Guy Reams (00:00.77)
This is day 186, getting into a rhythm. Some days it feels though I can't do nothing right. I sit down to work full of good intention, but the minutes slip by in a fog of distraction. Everything feels like a false start. I pick up a task and then I drop it. I reorganize my desk, I check my schedule, I reach for productivity, but I grasp at error. Yet I can remember perhaps only days ago feeling the exact opposite.
Tasks flowed effortlessly from one to the next. I made progress without friction. A rhythm took over and I felt as though I was simply along for the ride. What's the difference between those days? Why does it sometimes feel so easy and other times so hard? I believe the answer lies in a word we often use but rarely examine, and that is a rhythm. When people say they're in a rhythm,
They're usually described in a state where everything is clicking. They're not fighting themselves. There's no mental friction. Movement is smooth. In music, rhythm is not just the beat, it's the foundation. Without rhythm, even beautiful notes collapse into noise. In life, it's the same thing. Without rhythm, even the best intentions seem to fall flat. Rhythm is not just a habit. It's not just a schedule.

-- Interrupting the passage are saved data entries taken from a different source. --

lemma crossings_ascending_snoc [simp]:
  "crossings_ascending n (v @ [i]) \<longleftrightarrow>
     crossings_ascending n v \<and> ascending_at n (wires_after n v) i"
  by (auto simp: crossings_ascending_def nth_append less_Suc_eq)

lemma ascending_at_iff:
  assumes "int n dvd (p - int i)"
  shows "ascending_at n (wires_after n v) i \<longleftrightarrow> wires_after n v p < wires_after n v (p + 1)"
proof
  assume asc: "wires_after n v p < wires_after n v (p + 1)"
  show "ascending_at n (wires_after n v) i"
    unfolding ascending_at_def
  proof (intro allI impI)
    fix q assume "int n dvd (q - int i)"
    then have "int n dvd (q - p)"
      using dvd_diff[OF _ assms, of "q - int i"] by simp
    then show "wires_after n v q < wires_after n v (q + 1)"
      using wires_after_shift[of n q p v] wires_after_shift[of n "q + 1" "p + 1" v] asc by simp
  qed
qed (use assms in \<open>simp add: ascending_at_def\<close>)

text \<open>The exchange property for the last letter \<open>i\<close>, keeping the shorter word ascending.\<close>

definition has_exchange :: "nat \<Rightarrow> nat list \<Rightarrow> nat \<Rightarrow> bool" where
  "has_exchange n v i \<longleftrightarrow> (\<exists>v'. word n v' \<and> crossings_ascending n v' \<and> length v' + 1 = length v \<and>
     hat_eq n v (v' @ [i]) \<and> wires_after n v' = wires_after n v \<circ> cover_swap n i)"

lemma has_exchange_commute:
  assumes n: "2 \<le> n" and far: "(int i - int j) mod int n \<notin> {0, 1, int n - 1}"
    and v: "crossings_ascending n (u @ [j])" "j < n"
    and ex: "has_exchange n u i"
  shows "has_exchange n (u @ [j]) i"
proof -
  obtain u' where u': "word n u'" "crossings_ascending n u'" "length u' + 1 = length u"
      "hat_eq n u (u' @ [i])" "wires_after n u' = wires_after n u \<circ> cover_swap n i"
    using ex unfolding has_exchange_def by blast
  have "ascending_at n (wires_after n u') j"
    unfolding ascending_at_def
  proof (intro allI impI)
    fix q assume q: "int n dvd (q - int j)"
    have "cover_swap n i q = q" "cover_swap n i (q + 1) = q + 1"
      using cover_swap_far_fixes[OF n far_letters_sym[OF n far]] cover_swap_at[OF q] q by auto
    moreover have "wires_after n u q < wires_after n u (q + 1)"
      using v(1) q by (simp add: ascending_at_def)
    ultimately show "wires_after n u' q < wires_after n u' (q + 1)" using u'(5) by simp
  qed
  moreover have "hat_eq n (u @ [j]) ((u' @ [j]) @ [i])"
    using hat_eq_append[OF u'(4), of "[j]"] hat_eq_step[OF hat_step.comm[OF far, of u' "[]"]]
    by (auto intro: hat_eq_trans)
  moreover have "wires_after n (u' @ [j]) = wires_after n (u @ [j]) \<circ> cover_swap n i"
    using u'(5) cover_swap_commute[OF n far] by (auto simp: fun_eq_iff)
  ultimately show ?thesis
    unfolding has_exchange_def using u' v by (intro exI[of _ "u' @ [j]"]) auto
qed

lemma adjacent_letters_cases:
  assumes n: "2 \<le> n" and adj: "(int i - int j) mod int n \<in> {1, int n - 1}"
  obtains "int n dvd (int i - int j - 1)" | "int n dvd (int j - int i - 1)"
proof (cases "(int i - int j) mod int n = 1")
  case True
  then show ?thesis using that(1) n int_mod_eq_iff_dvd[of 1 "int n" "int i - int j"] by simp
next
  case False
  then have "(int i - int j) mod int n = (- 1) mod int n" using adj n zmod_minus1 by simp
  then have "int n dvd (- (int j - int i - 1))" by (simp add: mod_eq_dvd_iff algebra_simps)
  then show ?thesis using that(2) by (simp only: dvd_minus_iff)
qed

lemma has_exchange_of_braid:
  assumes n: "2 \<le> n" and adj: "(int i - int j) mod int n \<in> {1, int n - 1}"
    and braid: "\<And>r. cover_swap n i (cover_swap n j (cover_swap n i r))
                     = cover_swap n j (cover_swap n i (cover_swap n j r))"
    and u1: "length u1 + 1 = length u" "hat_eq n u (u1 @ [i])"
      "wires_after n u1 = wires_after n u \<circ> cover_swap n i"
    and u2: "word n u2" "length u2 + 1 = length u1" "hat_eq n u1 (u2 @ [j])"
      "wires_after n u2 = wires_after n u1 \<circ> cover_swap n j"
    and u2ij: "i < n" "j < n" "crossings_ascending n (u2 @ [i, j])"
  shows "has_exchange n (u @ [j]) i"
proof -
  have "hat_eq n (u @ [j]) (u2 @ [j, i, j])"
    using hat_eq_append[OF u1(2), of "[j]"] hat_eq_append[OF u2(3), of "[i, j]"]
    by (auto intro: hat_eq_trans)
  moreover have "hat_step n (u2 @ [i, j, i] @ []) (u2 @ [j, i, j] @ [])"
    using adj by (intro hat_step.braid) auto
  ultimately have "hat_eq n (u @ [j]) ((u2 @ [i, j]) @ [i])"
    by (auto intro: hat_eq_trans hat_eq_step_rev)
  moreover have "wires_after n (u2 @ [i, j]) = wires_after n (u @ [j]) \<circ> cover_swap n i"
    using u1(3) u2(4) braid[of "cover_swap n j r" for r]
    by (simp add: fun_eq_iff wires_after_append wires_after_Cons cover_swap_involution[OF n])
  moreover have "word n (u2 @ [i, j])" using u2(1) u2ij by (simp add: word_def)
  ultimately show ?thesis
    unfolding has_exchange_def using u1 u2 u2ij by (intro exI[of _ "u2 @ [i, j]"]) auto
qed

lemma has_exchange_braid:
  assumes n: "2 \<le> n" and adj: "(int i - int j) mod int n \<in> {1, int n - 1}"
    and v: "word n (u @ [j])" "crossings_ascending n (u @ [j])" "i < n"
    and p: "int n dvd (p - int i)" "wires_after n (u @ [j]) (p + 1) < wires_after n (u @ [j]) p"
    and IH: "\<And>u' i' p'. length u' < length (u @ [j]) \<Longrightarrow> word n u' \<Longrightarrow>
      crossings_ascending n u' \<Longrightarrow> i' < n \<Longrightarrow> int n dvd (p' - int i') \<Longrightarrow>
      wires_after n u' (p' + 1) < wires_after n u' p' \<Longrightarrow> has_exchange n u' i'"
  shows "has_exchange n (u @ [j]) i"
proof -
  obtain a b where ab: "(a = j \<and> b = i) \<or> (a = i \<and> b = j)" and ba: "int n dvd (int b - int a - 1)"
    by (rule adjacent_letters_cases[OF n adj]) blast+
  have "a \<noteq> b" using ba n int_dvd_small_iff[of "-1" n] by auto
  \<comment> \<open>\<open>s\<^sub>a\<close>, \<open>s\<^sub>b\<close> swap positions \<open>r, r+1\<close> resp.\ \<open>r+1, r+2\<close>, where the wires are in decreasing order;
    twice the induction hypothesis moves \<open>s\<^sub>i\<close> and \<open>s\<^sub>j\<close> to the end, then the braid relation applies\<close>
  define Wv where "Wv = wires_after n (u @ [j])"
  define r where "r = (if i = a then p else p - 1)"
  define pos where "pos x = (if x = a then r else r + 1)" for x
  have pos: "int n dvd (pos x - int x)" if "x \<in> {a, b}" for x
    using that p(1) ab dvd_add[OF p(1) ba] dvd_diff[OF p(1) ba] \<open>a \<noteq> b\<close>
    by (auto simp: pos_def r_def algebra_simps)
  then have pos_ij: "int n dvd (pos i - int i)" "int n dvd (pos j - int j)" using ab by auto
  have Wu: "wires_after n u = Wv \<circ> cover_swap n j"
    by (auto simp: Wv_def fun_eq_iff cover_swap_involution[OF n])
  have "wires_after n u (pos j) < wires_after n u (pos j + 1)"
    using v(2) pos_ij(2) by (auto simp: ascending_at_def)
  then have j_desc: "Wv (pos j + 1) < Wv (pos j)"
    using pos_ij(2) cover_swap_at cover_swap_at_Suc[OF n] by (auto simp: Wv_def)
  have desc: "Wv (r + 1) < Wv r" "Wv (r + 2) < Wv (r + 1)"
    using j_desc p(2) ab \<open>a \<noteq> b\<close> by (auto simp: Wv_def pos_def r_def ac_simps)
  have n3: "3 \<le> n"
  proof (rule ccontr)
    assume "\<not> 3 \<le> n"
    then have "n = 2" using n by simp
    then have "Wv (r + 2) = Wv r + 2"
      unfolding Wv_def using wires_after_shift[of n "r + 2" r "u @ [j]"] by simp
    then show False using desc by simp
  qed
  have "int n dvd (r - int a)" using pos[of a] by (simp add: pos_def)
  note block = cover_swap_adjacent_values[OF n3 this ba]
  have "wires_after n u (p + 1) < wires_after n u p"
    using desc ab block \<open>a \<noteq> b\<close> by (auto simp: Wu r_def ac_simps)
  then obtain u1 where u1: "word n u1" "crossings_ascending n u1" "length u1 + 1 = length u"
      "hat_eq n u (u1 @ [i])" "wires_after n u1 = wires_after n u \<circ> cover_swap n i"
    using IH[of u i p] v p(1) unfolding has_exchange_def by auto
  have "wires_after n u1 (pos j + 1) < wires_after n u1 (pos j)"
    using desc ab block \<open>a \<noteq> b\<close> by (auto simp: u1(5) Wu pos_def r_def ac_simps)
  then obtain u2 where u2: "word n u2" "crossings_ascending n u2" "length u2 + 1 = length u1"
      "hat_eq n u1 (u2 @ [j])" "wires_after n u2 = wires_after n u1 \<circ> cover_swap n j"
    using IH[of u1 j "pos j"] u1 v pos_ij(2) unfolding has_exchange_def by auto
  have "ascending_at n (wires_after n u2) i"
    unfolding ascending_at_iff[OF pos_ij(1)]
    using desc ab block \<open>a \<noteq> b\<close> by (auto simp: u2(5) u1(5) Wu pos_def r_def ac_simps)
  moreover have "ascending_at n (wires_after n (u2 @ [i])) j"
    unfolding ascending_at_iff[OF pos_ij(2)]
    using desc ab block \<open>a \<noteq> b\<close> by (auto simp: u2(5) u1(5) Wu pos_def r_def ac_simps)
  ultimately have "crossings_ascending n ((u2 @ [i]) @ [j])"
    unfolding crossings_ascending_snoc using u2(2) by blast
  moreover have "\<And>r. cover_swap n i (cover_swap n j (cover_swap n i r))
                     = cover_swap n j (cover_swap n i (cover_swap n j r))"
    using cover_swap_braid[OF n3 ba] ab by auto
  ultimately show ?thesis
    using has_exchange_of_braid[OF n adj _ u1(3-5) u2(1,3-5)] v by auto
qed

It's a relationship with time. It's the art of aligning your internal pace with the demands of the worlds around you. It's when the routines you build match the natural ebb and flow of your own energy, your own attention, and your purpose. But rhythm doesn't happen by accident. It has to be cultivated. And the first step is noticing when it appears for you. You have to learn what it feels like, what you feel like, when you are in that
What time of day does this tend to occur? What were you doing in the hours before? What was your environment like? There are clues there if you're actually paying attention. Let me describe to you how you one might begin to cultivate this. You could start with a morning routine, not for the sake of checking boxes like I got this done and I got that done, but to establish a tempo such as what I do. I take a walk or go for a run.
Guy Reams (02:22.349)
I do little bit of writing, journaling, and then I try to read something meaningful, something inspirational. I do something predictable and repeatable and deliberate. I don't rush it. I don't make it mechanical. I just, just steady. Then that's when you find your pace for the day. You start your first task, you complete it, and then pause. Don't sprint from one thing to the next. Take a breath. Let your mind settle before you start on to the next thing.
Slowly, you'll begin to find a pattern. Tasks start linking together. Thoughts flow in sequence. You're no longer starting from scratch with each effort. And if you're interrupted, you now know how to return because you've established this rhythm. Like a song that you've heard before, you can pick it back up. You now know the tempo, or at least the feel of it. Rhythm, once found, creates momentum. It reduces the energy cost of decision making.
You no longer ask, what should I do next? You just do it. The groove is there and it carries you forward. And this is the key to sustained productivity, not heroic bursts of effort, but just rhythm. Not just discipline, but alignment. When your mind, your body, your habits, and your environment fall into step, work becomes less like pushing a boulder up the hill and more like walking in stride with something much larger than yourself.
The goal then is not just to chase the peak performance as a rare high. It's to design a life that through routine, through attention and patience, that gives rhythm a chance to show up more often in your life. Because in the end, it's a rhythm that transforms effort into motion and motion into achievement.